> [Exercise details]: For each line below that contains the word "where", return that line.

> [Records]:
══════════

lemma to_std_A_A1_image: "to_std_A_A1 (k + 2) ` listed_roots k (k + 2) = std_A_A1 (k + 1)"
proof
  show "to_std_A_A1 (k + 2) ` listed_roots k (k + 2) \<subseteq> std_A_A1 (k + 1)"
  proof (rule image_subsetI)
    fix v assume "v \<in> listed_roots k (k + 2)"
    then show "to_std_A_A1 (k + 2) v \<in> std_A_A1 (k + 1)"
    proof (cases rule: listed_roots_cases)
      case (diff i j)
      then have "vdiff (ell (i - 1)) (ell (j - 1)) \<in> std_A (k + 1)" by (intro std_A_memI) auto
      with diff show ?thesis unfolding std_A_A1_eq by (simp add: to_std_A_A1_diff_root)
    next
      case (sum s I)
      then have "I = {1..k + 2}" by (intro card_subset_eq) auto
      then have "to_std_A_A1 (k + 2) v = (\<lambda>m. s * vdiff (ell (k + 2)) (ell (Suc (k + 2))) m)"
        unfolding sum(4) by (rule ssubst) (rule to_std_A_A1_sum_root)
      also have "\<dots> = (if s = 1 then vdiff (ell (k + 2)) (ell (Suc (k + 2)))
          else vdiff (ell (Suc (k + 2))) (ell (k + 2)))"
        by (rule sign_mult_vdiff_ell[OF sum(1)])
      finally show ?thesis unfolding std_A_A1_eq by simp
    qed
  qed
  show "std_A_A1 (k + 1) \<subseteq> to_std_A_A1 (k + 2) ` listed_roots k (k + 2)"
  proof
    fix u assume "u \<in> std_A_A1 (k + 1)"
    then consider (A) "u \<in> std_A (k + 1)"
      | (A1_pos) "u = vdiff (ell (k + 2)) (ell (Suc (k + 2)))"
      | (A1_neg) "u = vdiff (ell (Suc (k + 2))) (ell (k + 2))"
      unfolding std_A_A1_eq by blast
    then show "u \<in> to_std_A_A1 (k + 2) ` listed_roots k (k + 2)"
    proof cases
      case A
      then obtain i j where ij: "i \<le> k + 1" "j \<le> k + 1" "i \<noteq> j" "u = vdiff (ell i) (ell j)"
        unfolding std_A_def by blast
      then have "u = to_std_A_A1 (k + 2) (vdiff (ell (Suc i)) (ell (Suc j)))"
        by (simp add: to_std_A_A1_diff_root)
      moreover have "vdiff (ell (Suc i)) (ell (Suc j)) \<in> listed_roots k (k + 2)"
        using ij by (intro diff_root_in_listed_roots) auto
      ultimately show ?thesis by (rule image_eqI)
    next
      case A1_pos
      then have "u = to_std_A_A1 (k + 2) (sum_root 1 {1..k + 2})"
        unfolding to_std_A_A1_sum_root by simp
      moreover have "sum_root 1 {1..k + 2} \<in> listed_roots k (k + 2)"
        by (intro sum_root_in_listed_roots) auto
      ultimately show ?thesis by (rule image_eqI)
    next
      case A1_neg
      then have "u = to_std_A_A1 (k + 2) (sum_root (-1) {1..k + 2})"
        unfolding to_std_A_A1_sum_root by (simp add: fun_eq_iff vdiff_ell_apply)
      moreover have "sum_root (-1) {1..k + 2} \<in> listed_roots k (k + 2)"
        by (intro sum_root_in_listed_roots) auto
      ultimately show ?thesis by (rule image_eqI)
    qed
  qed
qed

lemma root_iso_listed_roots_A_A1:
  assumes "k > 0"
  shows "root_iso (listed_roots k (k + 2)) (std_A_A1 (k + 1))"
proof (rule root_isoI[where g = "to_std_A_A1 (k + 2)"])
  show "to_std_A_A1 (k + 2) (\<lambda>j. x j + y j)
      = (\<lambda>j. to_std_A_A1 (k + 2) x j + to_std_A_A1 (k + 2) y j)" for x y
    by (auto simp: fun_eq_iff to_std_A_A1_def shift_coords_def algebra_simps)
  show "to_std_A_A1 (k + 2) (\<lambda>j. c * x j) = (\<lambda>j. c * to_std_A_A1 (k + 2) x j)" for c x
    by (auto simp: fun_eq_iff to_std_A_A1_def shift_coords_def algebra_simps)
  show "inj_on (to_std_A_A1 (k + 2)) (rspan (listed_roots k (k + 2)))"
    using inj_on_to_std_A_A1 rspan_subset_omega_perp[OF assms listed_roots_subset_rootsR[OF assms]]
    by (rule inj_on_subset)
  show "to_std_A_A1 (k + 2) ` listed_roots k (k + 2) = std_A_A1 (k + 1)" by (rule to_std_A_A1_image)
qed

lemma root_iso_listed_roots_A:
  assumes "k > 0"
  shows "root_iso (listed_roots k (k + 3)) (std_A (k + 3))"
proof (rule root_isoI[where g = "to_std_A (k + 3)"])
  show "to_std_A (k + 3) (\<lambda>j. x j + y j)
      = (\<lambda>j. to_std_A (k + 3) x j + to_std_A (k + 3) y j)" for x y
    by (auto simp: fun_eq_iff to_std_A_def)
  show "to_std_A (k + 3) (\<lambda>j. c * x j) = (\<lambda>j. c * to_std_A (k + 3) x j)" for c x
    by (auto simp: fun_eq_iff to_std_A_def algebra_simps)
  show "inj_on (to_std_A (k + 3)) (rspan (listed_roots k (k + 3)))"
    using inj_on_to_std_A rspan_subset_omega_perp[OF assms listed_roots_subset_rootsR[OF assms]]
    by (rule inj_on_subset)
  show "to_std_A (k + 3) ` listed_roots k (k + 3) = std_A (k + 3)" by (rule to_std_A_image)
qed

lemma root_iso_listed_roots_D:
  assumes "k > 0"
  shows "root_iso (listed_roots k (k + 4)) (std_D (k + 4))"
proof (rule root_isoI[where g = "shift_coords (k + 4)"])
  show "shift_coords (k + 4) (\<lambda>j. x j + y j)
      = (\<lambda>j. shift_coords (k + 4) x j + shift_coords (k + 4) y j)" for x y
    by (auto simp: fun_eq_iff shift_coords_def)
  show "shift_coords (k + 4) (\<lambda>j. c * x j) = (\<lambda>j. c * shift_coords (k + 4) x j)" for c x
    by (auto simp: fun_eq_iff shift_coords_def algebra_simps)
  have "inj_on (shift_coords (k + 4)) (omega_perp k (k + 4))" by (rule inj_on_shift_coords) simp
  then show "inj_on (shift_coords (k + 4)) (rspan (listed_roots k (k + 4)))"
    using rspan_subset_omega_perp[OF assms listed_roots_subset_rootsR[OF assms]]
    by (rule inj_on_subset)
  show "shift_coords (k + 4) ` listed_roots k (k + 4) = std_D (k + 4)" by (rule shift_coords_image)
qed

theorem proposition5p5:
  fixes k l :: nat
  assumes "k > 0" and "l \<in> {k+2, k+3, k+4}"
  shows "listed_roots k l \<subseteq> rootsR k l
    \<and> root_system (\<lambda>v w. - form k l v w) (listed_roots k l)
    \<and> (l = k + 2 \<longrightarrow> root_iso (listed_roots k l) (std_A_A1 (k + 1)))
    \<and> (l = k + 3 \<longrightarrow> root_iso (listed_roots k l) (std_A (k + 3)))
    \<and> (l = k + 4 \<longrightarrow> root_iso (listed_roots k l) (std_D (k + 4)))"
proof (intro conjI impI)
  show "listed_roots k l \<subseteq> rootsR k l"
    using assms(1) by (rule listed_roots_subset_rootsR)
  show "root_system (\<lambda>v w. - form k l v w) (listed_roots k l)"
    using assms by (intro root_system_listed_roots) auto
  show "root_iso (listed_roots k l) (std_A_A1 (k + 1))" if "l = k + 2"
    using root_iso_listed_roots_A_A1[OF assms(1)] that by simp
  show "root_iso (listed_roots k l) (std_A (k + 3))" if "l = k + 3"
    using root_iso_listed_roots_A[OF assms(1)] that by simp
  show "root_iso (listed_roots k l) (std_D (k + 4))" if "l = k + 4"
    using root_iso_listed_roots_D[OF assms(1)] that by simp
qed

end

══════════

> [Written response]:
      then obtain i j where ij: "i \<le> k + 1" "j \<le> k + 1" "i \<noteq> j" "u = vdiff (ell i) (ell j)"
proof (rule root_isoI[where g = "to_std_A_A1 (k + 2)"])
proof (rule root_isoI[where g = "to_std_A (k + 3)"])
proof (rule root_isoI[where g = "shift_coords (k + 4)"])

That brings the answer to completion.